Стоп, Кинни. Джастин не игрушка, не ребенок и это его жизнь, правила которой он создает сам, пути движения выбирает сам. Семь месяцев назад вы решили, пришли к соглашению. Ему надо сделать себя, показать. А семья Груббер-Мастор… Я застонал. Семья Груббер-Мастор за определенные заслуги этому очень и очень поспособствует. Был уверен, если Джастин пойдет на договор, они, со своей стороны, тоже будут придерживаться правил. И он выиграет.
Потом станет успешным, известным, на его выставки станут ломиться покупатели, критики. И кого тогда будут ебать условия договора! Если бы он был посредственностью, прокладывающей путь наверх только с помощью задницы, отсосов и интриг, - первый бы не стал тратить время. Но он всегда был талантливым упрямцем и принципиальным засранцем. К сожалению, талантливым засранцам тоже нужна помощь. А тут я бессилен…
Вот и вернулись в рамки той же окружности, той же реальности, о которой говорили в машине. Только более натуралистично, конкретно. Если ему придется делать выбор, то это будет - его выбор, его жизнь. Не моя. Мы вместе, но не парочка, «слитая в организм, двигающийся в одном направлении», у каждого поиск пути. Джастин особенно, - молод, все впереди.
Тогда он услышал и уехал в Нью – Йорк. Теперь имеет полное право решать, как ему распоряжаться своим членом и своим талантом.
Выпить… Еще… Быстро…
Все, хватит гонять мысль по кругу. Выводы сделаны. Он умный и разберется. Мое дело – не мешать. Не лезть. Не сбивать. Ну, и конечно, не трахаться с Груббер, - стошнит. Не моя территория. И я не художник.
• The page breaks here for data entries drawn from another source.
text \<open>An ordinal below \<open>\<omega>\<^sup>\<omega>\<close> in Cantor normal form is a multiset of exponents, and
  a step of the fundamental sequence replaces a least exponent \<open>e\<close> by \<open>x\<close> copies of \<open>e - 1\<close>.
  Say that \<open>D\<close> lies below \<open>G\<close> with parameter \<open>m\<close> if \<open>D\<close> arises from \<open>G\<close> by repeatedly
  replacing some exponent \<open>g\<close> by at most \<open>m\<close> copies of \<open>g - 1\<close>. The central lemma splits
  natural sums: if \<open>A + B\<close> lies below \<open>G\<close> and a set is \<open>G\<close>-large, then under any
  2-colouring the first colour class is \<open>A\<close>-large or the second is \<open>B\<close>-large. Iterated,
  this gives a pigeonhole principle: an \<open>\<omega>\<^sup>n\<cdot>k\<close>-large set coloured with at most \<open>k\<close>
  colours has an \<open>\<omega>\<^sup>n\<close>-large colour class. An \<open>\<omega>^(n+1)\<close>-large set \<open>X\<close> is
  \<open>\<omega>\<^sup>n\<cdot>min X\<close>-large after its least element, and colouring \<open>y \<in> X\<close> by the function
  \<open>x \<mapsto> P x y\<close> on \<open>Xb\<close> uses at most \<open>c^c \<le> 4^(c\<^sup>2) \<le> min X\<close> colours.\<close>

definition mfund :: "nat multiset \<Rightarrow> nat \<Rightarrow> nat multiset" where
  "mfund M x = (if M = {#} then {#} else
     M - {#Min_mset M#} +
     (if Min_mset M = 0 then {#} else replicate_mset x (Min_mset M - 1)))"

definition mlarge :: "nat multiset \<Rightarrow> nat list \<Rightarrow> bool" where
  "mlarge M xs \<longleftrightarrow> foldl mfund M xs = {#}"

lemma mfund_empty [simp]: "mfund {#} x = {#}"
  by (simp add: mfund_def)

lemma mlarge_empty [simp]: "mlarge {#} xs"
proof -
  have "foldl mfund {#} xs = {#}" by (induction xs) auto
  then show ?thesis by (simp add: mlarge_def)
qed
Джастин все болтал и болтал, к нему и благотворительнице подходили разные люди, лесби трепала его по плечу, затылку. Очередной престарелый гей чуть не схватил юный талант за задницу, но, напоровшись, на мой взгляд в упор, - спешно ретировался.
Я же получил не менее десятка завуалированных и не очень приглашений «посмотреть, увидеть, насладиться, поговорить», познакомился с тремя потенциальными клиентами, двое из которых, - очень привлекательные для Киннетика, выразили желание провести деловые встречи через несколько дней. Их намерения относительно «постпереговорных» мероприятий были более чем прозрачны. Что ж, это бизнес, рабочий момент. На время Нью - Йорка от моногамии отписались.
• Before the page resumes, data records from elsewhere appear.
(* Let $\theta^*>0$, $\mathbf{P}=[-\theta^*,\theta^*]$, and let $g\colon\mathbf{P}\to\mathbb{R}$ be continuously differentiable with $g(\theta)\neq0$ and $g'(\theta)\neq0$ for all $\theta\in\mathbf{P}$ (so $g$ is zero-free and strictly monotone). Put $k^*:=\max_{\theta\in\mathbf{P}}\frac{2\theta}{g'(\theta)}$. Then for every real $k>k^*$ the pair $(A_k,b_g)$ given by $$A_k(\theta)=\begin{pmatrix}0&1\\ kg(\theta)-\theta^2&0\end{pmatrix},\qquad b_g(\theta)=\begin{pmatrix}0\\ g(\theta)\end{pmatrix},$$ i.e. the family of harmonic oscillators $\partial_t^2y(t,\theta)+\theta^2y(t,\theta)=g(\theta)\big(ky(t,\theta)+u(t)\big)$ written in first-order form $\partial_t x(t,\theta)=A_k(\theta)x(t,\theta)+b_g(\theta)u(t)$, is uniformly ensemble reachable over $\mathbf{P}$.
   Context: For continuous $A\colon\mathbf{P}\to\mathbb{C}^{n\times n}$, $B\colon\mathbf{P}\to\mathbb{C}^{n\times m}$ on a compact parameter set $\mathbf{P}$, the pair $(A,B)$ is uniformly ensemble reachable (from zero) if for every continuous $f\colon\mathbf{P}\to\mathbb{C}^n$ and every $\varepsilon>0$ there exist $T>0$ and an input $u\in L^1([0,T],\mathbb{C}^m)$ (independent of $\theta$) such that $\sup_{\theta\in\mathbf{P}}\big\|\int_0^Te^{A(\theta)(T-s)}B(\theta)u(s)\,ds-f(\theta)\big\|<\varepsilon$. *)

theory Defs
  imports "HOL-Analysis.Analysis"
begin

fun mat_pow :: "'a::comm_ring_1^'n::finite^'n \<Rightarrow> nat \<Rightarrow> 'a^'n^'n" where
  "mat_pow M 0 = mat 1"
| "mat_pow M (Suc k) = M ** mat_pow M k"

definition mat_exp :: "complex^'n::finite^'n \<Rightarrow> complex^'n^'n" where
  "mat_exp M = (\<Sum>k. (1 / fact k) *\<^sub>R mat_pow M k)"

text \<open>Uniform ensemble reachability (from zero) of a parameter-dependent pair (A,B)
  over the parameter set P.  The condition
  sup over P of the error being < eps is written as: some delta < eps bounds the error
  at every parameter.\<close>

definition uniformly_ensemble_reachable ::
  "real set \<Rightarrow> (real \<Rightarrow> complex^'n::finite^'n) \<Rightarrow> (real \<Rightarrow> complex^'m::finite^'n) \<Rightarrow> bool" where
  "uniformly_ensemble_reachable P A B \<longleftrightarrow>
     (\<forall>f :: real \<Rightarrow> complex^'n. continuous_on P f \<longrightarrow>
        (\<forall>\<epsilon>>0. \<exists>T>0. \<exists>u :: real \<Rightarrow> complex^'m.
            set_integrable lborel {0..T} u \<and>
            (\<exists>\<delta><\<epsilon>. \<forall>\<theta>\<in>P.
               norm ((LINT s:{0..T}|lborel. mat_exp ((T - s) *\<^sub>R A \<theta>) *v (B \<theta> *v u s)) - f \<theta>) \<le> \<delta>)))"

definition A_osc :: "real \<Rightarrow> (real \<Rightarrow> real) \<Rightarrow> real \<Rightarrow> complex^2^2" where
  "A_osc k g \<theta> = vector [vector [0, 1], vector [complex_of_real (k * g \<theta> - \<theta>^2), 0]]"

definition b_osc :: "(real \<Rightarrow> real) \<Rightarrow> real \<Rightarrow> complex^1^2" where
  "b_osc g \<theta> = vector [vector [0], vector [complex_of_real (g \<theta>)]]"

end

theory Submission
  imports Defs "HOL-Computational_Algebra.Polynomial"
begin

text \<open>The state reached at time 1 is \<open>\<integral>\<^sub>0\<^sup>1 exp ((1 - s) A \<theta>) B \<theta> u s ds\<close>, and the functions of
  \<open>\<theta>\<close> that are uniform limits of such states form a closed linear space. A short pulse of the
  input \<open>v\<close> just before time \<open>1 - \<tau>\<close> reaches \<open>exp (\<tau> A) B v\<close> up to an error of the pulse length,
  and difference quotients in \<open>\<tau>\<close> then bring in every \<open>exp (\<tau> A) A\<^sup>j B v\<close>; at \<open>\<tau> = 0\<close> the
  space contains all \<open>A\<^sup>j B v\<close>. For the oscillator, \<open>A\<^sup>2\<^sup>n b\<close> and \<open>A\<^sup>2\<^sup>n\<^sup>+\<^sup>1 b\<close> are \<open>c\<^sup>n g\<close> in the
  second resp. first component, where \<open>c = k g - \<theta>\<^sup>2\<close>. The bound on \<open>k\<close> makes \<open>c' = k g' - 2 \<theta>\<close>
  nonvanishing, so \<open>c\<close> is injective and by Stone-Weierstrass polynomials in \<open>c\<close> are dense among
  continuous functions; as \<open>g\<close> has no zeros, every continuous target is approximated.\<close>

section \<open>Matrix exponentials in a Banach algebra\<close>

text \<open>Bounded endomorphisms form a Banach algebra, in which the library's \<open>exp\<close> is available;
  matrices are embedded into it to reason about \<open>mat_exp\<close>.\<close>

typedef (overloaded) 'a endo = "UNIV :: ('a::real_normed_vector \<Rightarrow>\<^sub>L 'a) set"
  morphisms endo_rep endo_abs by simp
…Но чем больше было движения, тем больше я зверел, представляя, как он расплачивается за свое искусство, а я обрабатываю клиентов. Ирония. И где грань?
Наконец его отпустили. И Джастин был настолько воодушевлен, возбужден и доволен, что, кажется, напрочь забыл о сомнениях.
Весь обратный путь он говорит… и говорит… и говорит… Что через пару месяцев новая выставка, что ему заказали работы друзья Груббер-Мастор для личных коллекций, а миссис ни словом не намекнула о какой-то плате и долге. Да, он помнит мои слова, доверять нельзя, но что с него сейчас взять? Крепче обнимаю, заталкивая в горло циничные ремарки, способные затемнить солнечно-щебечущий свет. Молчу. Буду молчать. Его жизнь. Его решения. Его победы и разочарования. Его выбор. А если мне и придется, вдруг, совершать выбор за него - то только один раз – дать свободу любым способом, когда почувствую, что мешаю. Вариантов вечеринок–сюрприз много…
Ночью обнимаю затраханное счастливое Солнышко как в последний раз и не могу заснуть. Тревога, мать ее… Внутри натянулась струна.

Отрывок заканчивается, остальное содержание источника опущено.